Humerus and Clavicle Fractures
Proximal Humerus Fractures
Humerus is the upper arm bone and it forms two joints —shoulder joint and elbow joint. The proximal humerus is the upper end of arm bone that forms shoulder joint. Fractures of proximal humerus are common in elderly individuals suffering from osteoporosis. Fractures are caused by traumatic injuries such as a fall on outstretched hand from greater heights or motor vehicle accidents. In younger individuals, a severe trauma can cause these fractures.
Proximal humerus fractures can be categorized into 4 groups:
- Greater tuberosity fractures: Greater tuberosity is the insertion site for attachment of rotator cuff tendons. Greater tuberosity fractures are less common and are seen in cases of shoulder dislocations and in those with osteoporosis. Greater tuberosity fragment is pulled off when cuff muscle contracts or anterior shoulder dislocates. Direct impact to the shoulder causes the tuberosity bone to break into multiple fragments Partial rotator cuff tears often accompany non-displaced fractures and these fractures can be diagnosed using MRI or diagnostic arthroscopy.
- Lesser tuberosity fractures: These fractures often caused by posterior shoulder dislocations or traumatic muscle contractions by electrical shock or convulsions. If left untreated, these fractures cause subscapularis muscle (stabilizer and mobilizer muscle) deficiency and requires a major muscle transfer procedure.
- Surgical neck fractures: Fractures of the surgical neck are most common in patients with osteoporotic bone. These fractures also damage the axillary nerve that carries sensory information from shoulder.
- Humeral head fractures: Humeral head fractures are very often in elderly individuals and chances are more in those with osteoporotic bone. These fractures occur in younger individuals by significant trauma whereas a mild traumatic injury can cause fracture in elderly individuals with osteoporosis.
In addition to above, another type of proximal humerus fractures is two, three, and four part fractures, a fracture cause multiple fragmentation of the proximal humerus.
Patients with proximal humerus fracture experience severe pain, swelling, and restricted motion of the shoulder.
Proximal humerus fracture is diagnosed by physical examination, X-ray of the affected area and/or computerized tomography (CT) scan.
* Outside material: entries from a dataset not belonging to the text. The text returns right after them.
(* Let $R$ be a finite or countable commutative unital ring, and let $p$ be the smallest prime that is not invertible in $R$ (with $p=\infty$ if $R$ contains $\mathbf Q$). For every integer $c$ with $1\le c\le p-1$, $$\varepsilon\big(\Gamma_{c,R};X_0(R),Y(R)\big)\le\sqrt{c/p}$$ (interpreted as $0$ when $p=\infty$).
   Context: For a commutative unital ring $R$ and integer $c\ge0$, let $R[x]_{\le c}$ be the additive group of polynomials in $x$ over $R$ of degree at most $c$, and for $r\in R$ let $y(r)$ be the automorphism $P(x)\mapsto P(x+r)$ of $R[x]_{\le c}$. Define $\Gamma_{c,R}=R[x]_{\le c}\rtimes R$, with $r\in R$ acting via $y(r)$. Let $X_i(R)=\{rx^{c-i}: r\in R\}$ ($0\le i\le c$) and $Y(R)=\{y(r):r\in R\}$, viewed as subgroups of $\Gamma_{c,R}$. For a group $H$ generated by subgroups $X,Y$, $\varepsilon(H;X,Y)$ is the supremum, over all unitary representations $(\pi,V)$ of $H$ without nonzero $H$-invariant vectors, of $\sup\{|\langle v_1,v_2\rangle| : v_1\in V^X, v_2\in V^Y, \|v_1\|=\|v_2\|=1\}$ (taken to be $0$ if $V^X$ or $V^Y$ is zero), where $V^X,V^Y$ denote the subspaces of $X$- and $Y$-invariant vectors. *)

theory Defs
  imports "HOL-Analysis.Analysis" "HOL-Computational_Algebra.Polynomial"
    "HOL-Computational_Algebra.Primes" "HOL-Library.Extended_Nat"
begin

text \<open>Elements are pairs (P, r) with deg P <= c; r acts by y(r): P(x) |-> P(x+r).\<close>

definition gamma_carrier :: "nat \<Rightarrow> ('r::comm_ring_1 poly \<times> 'r) set" where
  "gamma_carrier c = {(P, r). degree P \<le> c}"

definition y_act :: "'r::comm_ring_1 \<Rightarrow> 'r poly \<Rightarrow> 'r poly" where
  "y_act r P = pcompose P [:r, 1:]"

definition gamma_mult :: "('r::comm_ring_1 poly \<times> 'r) \<Rightarrow> ('r poly \<times> 'r) \<Rightarrow> ('r poly \<times> 'r)" where
  "gamma_mult g h = (fst g + y_act (snd g) (fst h), snd g + snd h)"

definition gamma_one :: "'r::comm_ring_1 poly \<times> 'r" where
  "gamma_one = (0, 0)"

definition X0_sub :: "nat \<Rightarrow> ('r::comm_ring_1 poly \<times> 'r) set" where
  "X0_sub c = {(monom r c, 0) | r. True}"

definition Y_sub :: "('r::comm_ring_1 poly \<times> 'r) set" where
  "Y_sub = {(0, r) | r. True}"

text \<open>A complex Hilbert space is modelled as a real Hilbert space (real_inner, complete)
  together with a complex structure J (multiplication by i), an orthogonal real-linear
  map with J o J = -id.  The complex inner product is then
  <u,v>_C = <u,v> + i <u, J v>  (up to the sign convention for the imaginary part,
  which does not affect its modulus).\<close>

definition complex_structure :: "('v::real_inner \<Rightarrow> 'v) \<Rightarrow> bool" where
  "complex_structure J \<longleftrightarrow> linear J \<and> (\<forall>v. J (J v) = - v) \<and> (\<forall>u v. inner (J u) (J v) = inner u v)"

definition cinner :: "('v::real_inner \<Rightarrow> 'v) \<Rightarrow> 'v \<Rightarrow> 'v \<Rightarrow> complex" where
  "cinner J u v = Complex (inner u v) (- inner u (J v))"

definition unitary_rep ::
  "nat \<Rightarrow> ('r::comm_ring_1 poly \<times> 'r \<Rightarrow> 'v::{real_inner,complete_space} \<Rightarrow> 'v) \<Rightarrow> ('v \<Rightarrow> 'v) \<Rightarrow> bool" where
  "unitary_rep c \<pi> J \<longleftrightarrow> complex_structure J \<and>
     (\<forall>g\<in>gamma_carrier c. linear (\<pi> g) \<and> (\<forall>v. \<pi> g (J v) = J (\<pi> g v))
        \<and> (\<forall>v. norm (\<pi> g v) = norm v) \<and> surj (\<pi> g)) \<and>
     \<pi> gamma_one = id \<and>
     (\<forall>g\<in>gamma_carrier c. \<forall>h\<in>gamma_carrier c. \<pi> (gamma_mult g h) = \<pi> g \<circ> \<pi> h)"

definition invariant_vectors :: "('g \<Rightarrow> 'v \<Rightarrow> 'v) \<Rightarrow> 'g set \<Rightarrow> 'v set" where
  "invariant_vectors \<pi> H = {v. \<forall>h\<in>H. \<pi> h v = v}"

definition least_nonunit_prime :: "'r::comm_ring_1 itself \<Rightarrow> enat" where
  "least_nonunit_prime TYPE('r) =
     (if \<exists>p::nat. prime p \<and> \<not> (of_nat p :: 'r) dvd 1
      then enat (LEAST p::nat. prime p \<and> \<not> (of_nat p :: 'r) dvd 1)
      else \<infinity>)"

definition eps_bound :: "nat \<Rightarrow> enat \<Rightarrow> real" where
  "eps_bound c p = (case p of enat q \<Rightarrow> sqrt (real c / real q) | \<infinity> \<Rightarrow> 0)"

end

theory Submission
  imports Defs
begin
Most proximal humerus fractures are minimally displaced and can be treated with conservative approaches such as use of sling to immobilize and early physical therapy to improve the functional outcome. Surgery may be necessary in displaced fractures. The multiple fragments are fixed with plates, screws, or pins and in severe cases a shoulder replacement surgery is performed.
Clavicle fracture, also called broken collarbone is a very common sports injury seen in people who are involved in contact sports such as football and martial arts as well as impact sports such as motor racing. A direct blow over the shoulder that may occur during a fall on an outstretched arm or a motor vehicle accident may cause the clavicle bone to break. Broken clavicle may cause difficulty in lifting your arm because of pain, swelling and bruising over the bone.
Broken clavicle bone, usually heals without surgery, but if the bone ends have shifted out of place (displaced) surgery will be recommended. Surgery is performed to align the bone ends and hold them stable during healing. This improves the shoulder strength. Surgery for the fixation of clavicle fractures may be considered in the following circumstances:
- Multiple fractures
- Compound (open) fractures
- Fracture associated with nerve or blood vessel damage and scapula fracture
- Overlapping of the broken ends of bone (shortened clavicle)
Plates and Screws fixation
During this surgical procedure, your surgeon will reposition the broken bone ends into normal position and then uses special screws or metal plates to hold the bone fragments in place. These plates and screws are usually left in the bone. If they cause any irritation, they can be removed after fracture healing is complete.
Placement of pins may also be considered to hold the fracture in position and the incision required is also smaller. They often cause irritation in the skin at the site of insertion and must be removed once the fracture heals.
Patients with diabetes, the elderly individuals and people who make use of tobacco products are at a greater risk of developing complications both during and after the surgery. In addition to the risks that occur with any major surgery, certain specific risks of clavicle fracture surgery include difficulty in bone healing, lung injury and irritation caused by hardware.
Percutaneous elastic intramedullary nailing of the clavicle is a newer and less invasive procedure with lesser complications. It is considered as a safe method for fixation of displaced clavicle fractures in adolescents and athletes as it allows rapid healing and faster return to sports. The procedure is performed under fluoroscopic guidance. It involves a small 1 cm skin incision near the sternoclavicular joint, and then a hole is drilled in the anterior cortex after which an elastic nail is inserted into the medullary canal of the clavicle. Then the nail is passed on to reach the fracture site. A second operation to remove the nail will be performed after 2-3 months.